*** PROVIDED MATERIAL Section Begins ***

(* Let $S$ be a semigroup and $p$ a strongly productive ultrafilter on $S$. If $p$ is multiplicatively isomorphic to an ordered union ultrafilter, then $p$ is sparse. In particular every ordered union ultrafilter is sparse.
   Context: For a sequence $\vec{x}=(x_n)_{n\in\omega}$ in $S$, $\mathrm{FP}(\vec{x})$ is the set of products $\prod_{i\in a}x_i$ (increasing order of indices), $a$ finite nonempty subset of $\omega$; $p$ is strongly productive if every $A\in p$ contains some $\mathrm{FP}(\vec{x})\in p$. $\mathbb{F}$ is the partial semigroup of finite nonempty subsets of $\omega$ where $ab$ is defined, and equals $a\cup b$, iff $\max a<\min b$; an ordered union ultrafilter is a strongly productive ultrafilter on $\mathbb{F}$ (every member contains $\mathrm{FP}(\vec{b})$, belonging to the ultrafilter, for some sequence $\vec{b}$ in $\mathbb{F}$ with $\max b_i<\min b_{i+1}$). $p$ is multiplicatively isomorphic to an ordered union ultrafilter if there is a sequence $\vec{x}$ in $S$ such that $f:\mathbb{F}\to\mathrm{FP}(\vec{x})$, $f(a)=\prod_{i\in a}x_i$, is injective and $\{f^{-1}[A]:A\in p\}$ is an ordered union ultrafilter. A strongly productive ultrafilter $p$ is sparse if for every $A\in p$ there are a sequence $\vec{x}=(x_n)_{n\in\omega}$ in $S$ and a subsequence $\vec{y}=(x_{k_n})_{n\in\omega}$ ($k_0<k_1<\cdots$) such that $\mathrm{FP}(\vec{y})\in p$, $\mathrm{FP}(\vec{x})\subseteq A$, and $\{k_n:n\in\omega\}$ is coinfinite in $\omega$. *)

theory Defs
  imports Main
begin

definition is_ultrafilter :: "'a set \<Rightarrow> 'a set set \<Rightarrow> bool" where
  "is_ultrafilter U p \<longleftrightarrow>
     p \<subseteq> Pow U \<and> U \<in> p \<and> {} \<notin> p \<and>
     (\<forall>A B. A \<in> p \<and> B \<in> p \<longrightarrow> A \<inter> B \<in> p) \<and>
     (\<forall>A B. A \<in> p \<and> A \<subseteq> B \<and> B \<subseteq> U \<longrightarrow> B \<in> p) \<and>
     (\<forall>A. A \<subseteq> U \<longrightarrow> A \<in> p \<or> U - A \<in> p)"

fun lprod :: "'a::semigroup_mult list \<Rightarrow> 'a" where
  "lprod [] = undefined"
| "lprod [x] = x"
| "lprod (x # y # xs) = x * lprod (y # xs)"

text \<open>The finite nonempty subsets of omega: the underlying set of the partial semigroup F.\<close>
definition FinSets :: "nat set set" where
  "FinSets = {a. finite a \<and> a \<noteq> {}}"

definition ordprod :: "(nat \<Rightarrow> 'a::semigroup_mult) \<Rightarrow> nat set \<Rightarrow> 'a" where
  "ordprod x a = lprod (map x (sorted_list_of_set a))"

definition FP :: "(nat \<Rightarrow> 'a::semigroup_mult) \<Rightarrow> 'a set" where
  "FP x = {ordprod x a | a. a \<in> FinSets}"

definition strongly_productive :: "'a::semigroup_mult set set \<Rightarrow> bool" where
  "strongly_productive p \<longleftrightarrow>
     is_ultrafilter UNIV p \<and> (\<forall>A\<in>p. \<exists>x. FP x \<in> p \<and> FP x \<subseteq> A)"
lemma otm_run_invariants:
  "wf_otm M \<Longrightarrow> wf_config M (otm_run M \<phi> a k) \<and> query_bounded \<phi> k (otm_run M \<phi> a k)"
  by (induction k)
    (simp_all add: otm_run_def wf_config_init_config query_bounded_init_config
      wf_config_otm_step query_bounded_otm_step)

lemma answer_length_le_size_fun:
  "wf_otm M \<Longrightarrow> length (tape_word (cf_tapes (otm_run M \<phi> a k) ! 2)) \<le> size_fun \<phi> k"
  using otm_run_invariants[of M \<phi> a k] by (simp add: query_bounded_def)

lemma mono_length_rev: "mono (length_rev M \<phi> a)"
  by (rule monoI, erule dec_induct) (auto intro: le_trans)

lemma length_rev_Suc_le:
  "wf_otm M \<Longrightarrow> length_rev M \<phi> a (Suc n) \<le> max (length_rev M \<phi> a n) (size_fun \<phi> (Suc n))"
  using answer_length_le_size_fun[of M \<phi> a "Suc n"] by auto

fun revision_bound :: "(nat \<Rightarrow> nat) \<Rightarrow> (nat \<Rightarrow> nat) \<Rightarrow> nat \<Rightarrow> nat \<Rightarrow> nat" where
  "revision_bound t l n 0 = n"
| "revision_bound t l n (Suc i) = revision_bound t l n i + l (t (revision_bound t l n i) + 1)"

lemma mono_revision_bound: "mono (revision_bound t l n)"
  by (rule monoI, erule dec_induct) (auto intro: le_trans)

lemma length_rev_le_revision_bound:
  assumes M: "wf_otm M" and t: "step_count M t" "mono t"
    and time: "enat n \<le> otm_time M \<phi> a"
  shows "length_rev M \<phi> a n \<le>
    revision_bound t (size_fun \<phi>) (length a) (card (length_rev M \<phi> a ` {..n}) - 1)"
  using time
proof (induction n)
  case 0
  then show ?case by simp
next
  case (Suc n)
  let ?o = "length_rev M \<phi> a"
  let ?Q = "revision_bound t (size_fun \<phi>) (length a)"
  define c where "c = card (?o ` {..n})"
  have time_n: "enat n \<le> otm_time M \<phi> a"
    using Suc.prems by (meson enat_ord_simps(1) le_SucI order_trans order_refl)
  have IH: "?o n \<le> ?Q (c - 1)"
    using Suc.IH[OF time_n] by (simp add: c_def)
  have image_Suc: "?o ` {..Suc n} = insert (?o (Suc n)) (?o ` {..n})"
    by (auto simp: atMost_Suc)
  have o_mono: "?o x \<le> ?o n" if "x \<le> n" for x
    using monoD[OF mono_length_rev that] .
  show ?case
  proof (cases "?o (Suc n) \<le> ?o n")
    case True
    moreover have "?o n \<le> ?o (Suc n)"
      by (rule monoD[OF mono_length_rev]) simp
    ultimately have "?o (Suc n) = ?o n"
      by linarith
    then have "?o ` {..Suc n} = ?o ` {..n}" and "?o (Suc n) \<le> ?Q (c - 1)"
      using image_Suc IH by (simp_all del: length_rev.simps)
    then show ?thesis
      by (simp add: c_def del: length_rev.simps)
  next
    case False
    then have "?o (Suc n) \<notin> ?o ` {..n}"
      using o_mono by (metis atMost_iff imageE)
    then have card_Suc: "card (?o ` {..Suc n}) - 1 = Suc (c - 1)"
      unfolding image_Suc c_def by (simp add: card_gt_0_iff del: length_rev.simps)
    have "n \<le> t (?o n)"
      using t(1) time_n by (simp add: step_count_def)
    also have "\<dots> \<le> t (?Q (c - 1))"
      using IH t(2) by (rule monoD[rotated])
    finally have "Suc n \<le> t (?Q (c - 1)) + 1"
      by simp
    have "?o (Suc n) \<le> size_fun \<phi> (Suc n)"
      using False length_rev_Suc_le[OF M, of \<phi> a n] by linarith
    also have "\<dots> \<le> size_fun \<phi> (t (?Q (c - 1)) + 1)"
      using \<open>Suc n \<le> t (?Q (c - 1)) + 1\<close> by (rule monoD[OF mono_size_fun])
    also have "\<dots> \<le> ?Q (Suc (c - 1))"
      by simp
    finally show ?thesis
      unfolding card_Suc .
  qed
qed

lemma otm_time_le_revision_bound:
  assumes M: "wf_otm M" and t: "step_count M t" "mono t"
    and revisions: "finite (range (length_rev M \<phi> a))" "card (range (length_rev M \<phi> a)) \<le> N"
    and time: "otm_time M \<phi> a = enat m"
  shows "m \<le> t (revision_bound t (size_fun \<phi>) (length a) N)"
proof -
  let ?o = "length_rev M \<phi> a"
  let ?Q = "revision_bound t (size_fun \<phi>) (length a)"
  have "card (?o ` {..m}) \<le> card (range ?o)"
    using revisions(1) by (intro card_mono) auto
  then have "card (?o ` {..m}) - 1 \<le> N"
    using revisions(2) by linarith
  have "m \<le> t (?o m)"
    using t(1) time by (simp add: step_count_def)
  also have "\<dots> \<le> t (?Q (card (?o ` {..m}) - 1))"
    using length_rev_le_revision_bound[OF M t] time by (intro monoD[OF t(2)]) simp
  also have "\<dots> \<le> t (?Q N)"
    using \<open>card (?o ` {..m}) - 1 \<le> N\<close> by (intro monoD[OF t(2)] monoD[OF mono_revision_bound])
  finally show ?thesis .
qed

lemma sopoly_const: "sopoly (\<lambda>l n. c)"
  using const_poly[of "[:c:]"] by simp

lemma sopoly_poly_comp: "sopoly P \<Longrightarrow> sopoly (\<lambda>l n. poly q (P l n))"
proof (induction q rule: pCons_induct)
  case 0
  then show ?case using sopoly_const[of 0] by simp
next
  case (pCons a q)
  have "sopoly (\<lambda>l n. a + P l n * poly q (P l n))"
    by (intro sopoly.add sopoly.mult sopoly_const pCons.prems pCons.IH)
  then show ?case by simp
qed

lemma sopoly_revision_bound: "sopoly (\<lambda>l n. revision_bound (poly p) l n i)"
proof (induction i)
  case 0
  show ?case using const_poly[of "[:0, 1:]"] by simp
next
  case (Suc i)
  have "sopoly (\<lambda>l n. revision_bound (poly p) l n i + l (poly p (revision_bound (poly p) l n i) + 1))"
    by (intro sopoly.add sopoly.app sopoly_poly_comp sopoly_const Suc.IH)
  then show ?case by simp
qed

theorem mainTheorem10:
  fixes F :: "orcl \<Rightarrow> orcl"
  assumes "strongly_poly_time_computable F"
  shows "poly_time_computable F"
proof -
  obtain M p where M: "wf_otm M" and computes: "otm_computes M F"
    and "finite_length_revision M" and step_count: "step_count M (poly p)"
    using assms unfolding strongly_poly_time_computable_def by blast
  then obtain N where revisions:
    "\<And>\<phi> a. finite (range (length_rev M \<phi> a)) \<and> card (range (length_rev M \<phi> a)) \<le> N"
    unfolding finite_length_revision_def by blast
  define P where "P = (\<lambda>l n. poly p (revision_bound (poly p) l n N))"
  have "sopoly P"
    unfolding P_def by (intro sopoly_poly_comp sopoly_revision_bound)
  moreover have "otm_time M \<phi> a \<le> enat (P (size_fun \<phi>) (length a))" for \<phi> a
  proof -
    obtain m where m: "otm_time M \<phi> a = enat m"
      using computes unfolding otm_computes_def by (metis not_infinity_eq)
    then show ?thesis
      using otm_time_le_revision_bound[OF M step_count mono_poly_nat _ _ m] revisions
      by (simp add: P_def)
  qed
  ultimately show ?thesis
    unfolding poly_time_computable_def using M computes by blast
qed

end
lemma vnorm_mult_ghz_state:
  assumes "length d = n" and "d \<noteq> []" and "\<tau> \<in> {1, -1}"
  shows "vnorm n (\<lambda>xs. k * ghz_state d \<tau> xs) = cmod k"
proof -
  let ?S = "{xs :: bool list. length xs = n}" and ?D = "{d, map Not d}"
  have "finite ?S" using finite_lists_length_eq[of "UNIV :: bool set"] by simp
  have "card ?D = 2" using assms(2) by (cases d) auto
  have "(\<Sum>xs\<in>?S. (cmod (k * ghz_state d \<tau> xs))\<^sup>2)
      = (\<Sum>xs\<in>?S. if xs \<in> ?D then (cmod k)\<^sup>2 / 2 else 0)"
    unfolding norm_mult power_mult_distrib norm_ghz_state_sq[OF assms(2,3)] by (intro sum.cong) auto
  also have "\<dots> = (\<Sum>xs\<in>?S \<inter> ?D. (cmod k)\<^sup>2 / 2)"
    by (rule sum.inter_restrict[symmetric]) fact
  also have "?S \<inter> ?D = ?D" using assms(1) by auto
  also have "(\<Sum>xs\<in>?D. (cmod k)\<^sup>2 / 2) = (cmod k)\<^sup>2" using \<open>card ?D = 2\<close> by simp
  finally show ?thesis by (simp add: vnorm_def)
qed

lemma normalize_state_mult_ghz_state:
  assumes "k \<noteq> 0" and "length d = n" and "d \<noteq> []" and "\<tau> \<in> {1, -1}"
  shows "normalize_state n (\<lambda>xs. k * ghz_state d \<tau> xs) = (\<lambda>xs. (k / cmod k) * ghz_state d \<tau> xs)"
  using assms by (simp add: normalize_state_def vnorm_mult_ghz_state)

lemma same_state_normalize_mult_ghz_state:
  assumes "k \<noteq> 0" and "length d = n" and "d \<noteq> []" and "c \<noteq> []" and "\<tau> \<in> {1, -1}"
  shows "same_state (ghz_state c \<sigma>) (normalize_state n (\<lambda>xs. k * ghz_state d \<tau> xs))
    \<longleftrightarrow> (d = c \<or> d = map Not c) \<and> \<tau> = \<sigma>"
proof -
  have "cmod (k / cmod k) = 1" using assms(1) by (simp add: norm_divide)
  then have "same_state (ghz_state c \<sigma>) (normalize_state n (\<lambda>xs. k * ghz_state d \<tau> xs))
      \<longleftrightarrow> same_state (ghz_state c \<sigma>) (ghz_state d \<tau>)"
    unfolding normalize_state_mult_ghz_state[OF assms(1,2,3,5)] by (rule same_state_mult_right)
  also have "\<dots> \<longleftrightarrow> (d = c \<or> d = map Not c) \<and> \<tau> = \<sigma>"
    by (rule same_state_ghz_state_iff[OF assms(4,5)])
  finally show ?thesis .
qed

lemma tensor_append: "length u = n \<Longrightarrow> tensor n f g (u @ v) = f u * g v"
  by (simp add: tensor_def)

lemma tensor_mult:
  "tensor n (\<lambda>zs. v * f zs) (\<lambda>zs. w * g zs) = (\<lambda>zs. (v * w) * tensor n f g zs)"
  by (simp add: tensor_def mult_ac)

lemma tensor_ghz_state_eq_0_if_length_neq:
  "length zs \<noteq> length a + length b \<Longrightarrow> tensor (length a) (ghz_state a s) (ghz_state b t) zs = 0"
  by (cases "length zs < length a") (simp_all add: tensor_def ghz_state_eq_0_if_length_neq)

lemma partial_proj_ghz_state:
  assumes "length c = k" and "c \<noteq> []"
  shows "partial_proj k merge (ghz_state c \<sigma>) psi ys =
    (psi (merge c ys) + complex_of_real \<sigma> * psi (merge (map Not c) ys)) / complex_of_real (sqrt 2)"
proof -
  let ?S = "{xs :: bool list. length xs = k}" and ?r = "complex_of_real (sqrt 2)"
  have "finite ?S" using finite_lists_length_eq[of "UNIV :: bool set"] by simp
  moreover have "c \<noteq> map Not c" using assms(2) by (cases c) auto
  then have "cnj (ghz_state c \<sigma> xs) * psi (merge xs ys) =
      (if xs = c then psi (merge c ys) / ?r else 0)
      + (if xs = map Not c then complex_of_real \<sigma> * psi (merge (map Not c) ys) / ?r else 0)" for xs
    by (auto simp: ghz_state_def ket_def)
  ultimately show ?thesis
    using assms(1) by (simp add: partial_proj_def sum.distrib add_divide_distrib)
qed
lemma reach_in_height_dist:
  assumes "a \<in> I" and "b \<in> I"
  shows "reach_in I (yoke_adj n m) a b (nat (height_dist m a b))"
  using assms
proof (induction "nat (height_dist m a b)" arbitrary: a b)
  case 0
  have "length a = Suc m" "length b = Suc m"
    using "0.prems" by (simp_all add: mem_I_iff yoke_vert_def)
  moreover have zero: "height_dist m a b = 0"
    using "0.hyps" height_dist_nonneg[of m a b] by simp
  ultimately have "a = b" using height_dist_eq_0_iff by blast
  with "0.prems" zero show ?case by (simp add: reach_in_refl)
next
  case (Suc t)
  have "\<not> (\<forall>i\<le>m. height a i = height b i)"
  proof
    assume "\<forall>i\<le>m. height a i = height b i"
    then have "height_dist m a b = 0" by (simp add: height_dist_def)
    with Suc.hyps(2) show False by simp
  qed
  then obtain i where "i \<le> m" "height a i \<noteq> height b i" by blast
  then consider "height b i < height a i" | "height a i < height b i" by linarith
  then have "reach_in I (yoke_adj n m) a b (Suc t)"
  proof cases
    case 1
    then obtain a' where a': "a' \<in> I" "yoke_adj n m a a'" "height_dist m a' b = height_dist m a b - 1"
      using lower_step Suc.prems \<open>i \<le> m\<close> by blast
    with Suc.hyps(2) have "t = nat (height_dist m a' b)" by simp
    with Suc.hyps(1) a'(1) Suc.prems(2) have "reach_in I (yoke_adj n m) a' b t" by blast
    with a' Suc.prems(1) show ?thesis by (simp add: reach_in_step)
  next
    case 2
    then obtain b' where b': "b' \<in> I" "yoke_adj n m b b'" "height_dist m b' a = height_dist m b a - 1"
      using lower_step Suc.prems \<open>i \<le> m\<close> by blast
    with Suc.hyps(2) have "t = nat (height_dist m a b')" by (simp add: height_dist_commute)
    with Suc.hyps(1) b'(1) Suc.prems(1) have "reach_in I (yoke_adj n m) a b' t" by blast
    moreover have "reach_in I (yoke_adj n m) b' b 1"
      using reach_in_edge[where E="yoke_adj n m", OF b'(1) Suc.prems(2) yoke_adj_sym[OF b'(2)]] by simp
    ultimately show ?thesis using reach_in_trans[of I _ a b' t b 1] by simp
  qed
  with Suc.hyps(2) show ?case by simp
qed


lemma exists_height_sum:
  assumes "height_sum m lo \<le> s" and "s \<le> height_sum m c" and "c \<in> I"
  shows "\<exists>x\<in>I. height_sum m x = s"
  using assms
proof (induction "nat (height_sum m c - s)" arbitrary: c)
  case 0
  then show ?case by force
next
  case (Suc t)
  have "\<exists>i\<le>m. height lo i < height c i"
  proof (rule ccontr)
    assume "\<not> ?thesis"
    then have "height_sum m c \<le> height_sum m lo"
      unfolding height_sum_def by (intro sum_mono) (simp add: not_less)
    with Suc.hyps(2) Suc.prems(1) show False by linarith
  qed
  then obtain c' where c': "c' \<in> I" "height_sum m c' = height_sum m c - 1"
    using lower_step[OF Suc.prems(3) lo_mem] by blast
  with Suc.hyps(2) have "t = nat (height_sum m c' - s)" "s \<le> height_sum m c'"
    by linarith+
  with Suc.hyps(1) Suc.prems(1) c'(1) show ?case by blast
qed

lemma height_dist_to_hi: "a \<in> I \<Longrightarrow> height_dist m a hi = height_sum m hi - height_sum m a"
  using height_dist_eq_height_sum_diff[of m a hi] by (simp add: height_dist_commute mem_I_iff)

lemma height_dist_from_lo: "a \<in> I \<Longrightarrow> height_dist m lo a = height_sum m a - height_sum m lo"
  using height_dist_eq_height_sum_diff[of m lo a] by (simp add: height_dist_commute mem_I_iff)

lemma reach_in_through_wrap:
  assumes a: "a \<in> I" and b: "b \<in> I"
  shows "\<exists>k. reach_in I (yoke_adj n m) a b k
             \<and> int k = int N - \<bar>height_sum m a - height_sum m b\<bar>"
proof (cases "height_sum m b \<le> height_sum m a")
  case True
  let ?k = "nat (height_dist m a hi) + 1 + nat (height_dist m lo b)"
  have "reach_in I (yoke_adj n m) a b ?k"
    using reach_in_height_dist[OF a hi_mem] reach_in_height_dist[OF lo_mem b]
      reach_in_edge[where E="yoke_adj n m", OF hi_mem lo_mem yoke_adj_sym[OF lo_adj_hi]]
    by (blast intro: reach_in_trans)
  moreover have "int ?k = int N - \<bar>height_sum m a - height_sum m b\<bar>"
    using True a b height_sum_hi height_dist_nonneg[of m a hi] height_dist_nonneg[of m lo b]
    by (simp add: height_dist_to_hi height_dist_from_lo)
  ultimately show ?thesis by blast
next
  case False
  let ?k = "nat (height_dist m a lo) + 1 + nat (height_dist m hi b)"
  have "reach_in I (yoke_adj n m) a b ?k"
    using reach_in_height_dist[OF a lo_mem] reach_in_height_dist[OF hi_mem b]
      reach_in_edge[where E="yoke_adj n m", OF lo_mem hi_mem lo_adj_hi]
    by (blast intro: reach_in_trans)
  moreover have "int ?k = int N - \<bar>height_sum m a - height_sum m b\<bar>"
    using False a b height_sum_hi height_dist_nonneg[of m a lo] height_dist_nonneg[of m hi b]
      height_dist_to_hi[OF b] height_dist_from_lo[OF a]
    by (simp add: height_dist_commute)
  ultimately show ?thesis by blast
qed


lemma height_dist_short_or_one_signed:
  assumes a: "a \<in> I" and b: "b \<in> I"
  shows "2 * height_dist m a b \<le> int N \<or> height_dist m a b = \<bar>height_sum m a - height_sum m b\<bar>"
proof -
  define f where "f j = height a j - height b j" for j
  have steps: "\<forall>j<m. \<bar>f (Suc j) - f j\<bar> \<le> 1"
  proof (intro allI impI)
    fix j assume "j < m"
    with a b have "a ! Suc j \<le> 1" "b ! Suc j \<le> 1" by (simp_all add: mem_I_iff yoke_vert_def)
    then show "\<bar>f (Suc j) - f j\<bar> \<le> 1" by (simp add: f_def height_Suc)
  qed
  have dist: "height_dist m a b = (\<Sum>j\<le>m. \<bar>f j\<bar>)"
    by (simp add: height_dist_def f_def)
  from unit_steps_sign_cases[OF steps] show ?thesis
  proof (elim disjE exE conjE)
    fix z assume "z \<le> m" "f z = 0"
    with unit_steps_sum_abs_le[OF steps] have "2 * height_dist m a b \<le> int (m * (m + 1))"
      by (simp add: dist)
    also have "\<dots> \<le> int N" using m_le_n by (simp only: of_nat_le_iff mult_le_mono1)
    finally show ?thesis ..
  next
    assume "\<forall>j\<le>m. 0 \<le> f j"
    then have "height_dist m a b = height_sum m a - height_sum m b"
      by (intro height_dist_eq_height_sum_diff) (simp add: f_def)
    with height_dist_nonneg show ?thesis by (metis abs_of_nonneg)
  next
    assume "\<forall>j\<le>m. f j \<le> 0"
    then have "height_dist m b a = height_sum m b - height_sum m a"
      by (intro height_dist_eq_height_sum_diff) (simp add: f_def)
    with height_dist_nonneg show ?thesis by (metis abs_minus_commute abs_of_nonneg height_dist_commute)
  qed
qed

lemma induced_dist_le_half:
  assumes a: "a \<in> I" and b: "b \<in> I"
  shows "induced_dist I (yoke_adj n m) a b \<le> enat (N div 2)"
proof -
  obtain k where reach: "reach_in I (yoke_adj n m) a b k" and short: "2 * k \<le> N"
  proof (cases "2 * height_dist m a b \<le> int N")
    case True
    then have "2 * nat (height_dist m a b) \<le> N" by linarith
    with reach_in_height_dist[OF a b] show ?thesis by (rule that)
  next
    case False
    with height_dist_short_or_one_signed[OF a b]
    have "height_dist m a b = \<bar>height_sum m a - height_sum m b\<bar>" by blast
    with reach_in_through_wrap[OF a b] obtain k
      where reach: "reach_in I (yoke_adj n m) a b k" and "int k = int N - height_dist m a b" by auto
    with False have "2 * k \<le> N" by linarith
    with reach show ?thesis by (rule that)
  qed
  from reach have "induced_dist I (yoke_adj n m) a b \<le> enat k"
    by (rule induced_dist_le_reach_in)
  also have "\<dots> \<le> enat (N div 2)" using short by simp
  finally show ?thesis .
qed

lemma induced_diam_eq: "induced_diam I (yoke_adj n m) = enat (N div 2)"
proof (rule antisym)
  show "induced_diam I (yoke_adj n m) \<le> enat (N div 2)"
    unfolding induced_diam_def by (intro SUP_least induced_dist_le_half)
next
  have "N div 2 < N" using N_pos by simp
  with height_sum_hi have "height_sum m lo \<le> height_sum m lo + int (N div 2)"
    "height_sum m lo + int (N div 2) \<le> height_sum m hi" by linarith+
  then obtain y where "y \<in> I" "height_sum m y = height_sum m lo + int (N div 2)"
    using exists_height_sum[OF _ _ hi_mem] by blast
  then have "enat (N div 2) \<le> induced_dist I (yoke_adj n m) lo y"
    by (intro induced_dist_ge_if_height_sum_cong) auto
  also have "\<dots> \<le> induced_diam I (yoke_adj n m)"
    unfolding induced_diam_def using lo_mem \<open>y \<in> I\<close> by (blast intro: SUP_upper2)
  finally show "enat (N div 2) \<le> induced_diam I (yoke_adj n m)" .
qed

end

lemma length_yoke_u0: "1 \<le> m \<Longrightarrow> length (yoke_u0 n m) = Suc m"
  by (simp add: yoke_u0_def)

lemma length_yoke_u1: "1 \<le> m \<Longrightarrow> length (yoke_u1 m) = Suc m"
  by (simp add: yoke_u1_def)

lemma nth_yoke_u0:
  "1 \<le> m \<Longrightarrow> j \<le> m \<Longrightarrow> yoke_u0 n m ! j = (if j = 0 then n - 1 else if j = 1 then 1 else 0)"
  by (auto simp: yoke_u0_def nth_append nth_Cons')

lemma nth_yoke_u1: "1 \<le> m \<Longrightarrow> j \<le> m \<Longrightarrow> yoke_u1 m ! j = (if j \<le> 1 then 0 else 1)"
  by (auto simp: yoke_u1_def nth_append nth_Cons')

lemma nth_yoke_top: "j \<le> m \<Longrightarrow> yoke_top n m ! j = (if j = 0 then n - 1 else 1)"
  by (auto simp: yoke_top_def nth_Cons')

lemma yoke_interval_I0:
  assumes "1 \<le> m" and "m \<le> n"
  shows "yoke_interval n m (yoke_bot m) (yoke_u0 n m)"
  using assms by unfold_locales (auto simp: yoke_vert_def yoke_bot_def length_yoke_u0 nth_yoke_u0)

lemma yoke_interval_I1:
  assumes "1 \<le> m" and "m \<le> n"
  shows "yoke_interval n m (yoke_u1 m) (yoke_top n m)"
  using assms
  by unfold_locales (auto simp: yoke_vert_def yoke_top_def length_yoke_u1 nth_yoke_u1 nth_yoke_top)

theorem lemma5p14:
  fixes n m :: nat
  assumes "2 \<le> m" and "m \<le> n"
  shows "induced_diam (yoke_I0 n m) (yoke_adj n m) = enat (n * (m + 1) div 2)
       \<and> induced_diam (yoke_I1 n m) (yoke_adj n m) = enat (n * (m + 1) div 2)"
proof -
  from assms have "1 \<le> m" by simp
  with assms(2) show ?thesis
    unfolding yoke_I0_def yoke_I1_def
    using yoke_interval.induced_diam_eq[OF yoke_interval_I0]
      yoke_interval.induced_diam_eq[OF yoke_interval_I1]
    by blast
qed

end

*** PROVIDED MATERIAL Section Ends ***

** WHAT THE TASK REQUIRES **
When a line in the data above contains the string "open", copy that line.

** ANSWER TO THIS PROBLEM **
text \<open>The finite nonempty subsets of omega: the underlying set of the partial semigroup F.\<close>
      using \<open>Suc n \<le> t (?Q (c - 1)) + 1\<close> by (rule monoD[OF mono_size_fun])
    using \<open>card (?o ` {..m}) - 1 \<le> N\<close> by (intro monoD[OF t(2)] monoD[OF mono_revision_bound])
  also have "(\<Sum>xs\<in>?D. (cmod k)\<^sup>2 / 2) = (cmod k)\<^sup>2" using \<open>card ?D = 2\<close> by simp
      using lower_step Suc.prems \<open>i \<le> m\<close> by blast
      using lower_step Suc.prems \<open>i \<le> m\<close> by blast
    unfolding induced_diam_def using lo_mem \<open>y \<in> I\<close> by (blast intro: SUP_upper2)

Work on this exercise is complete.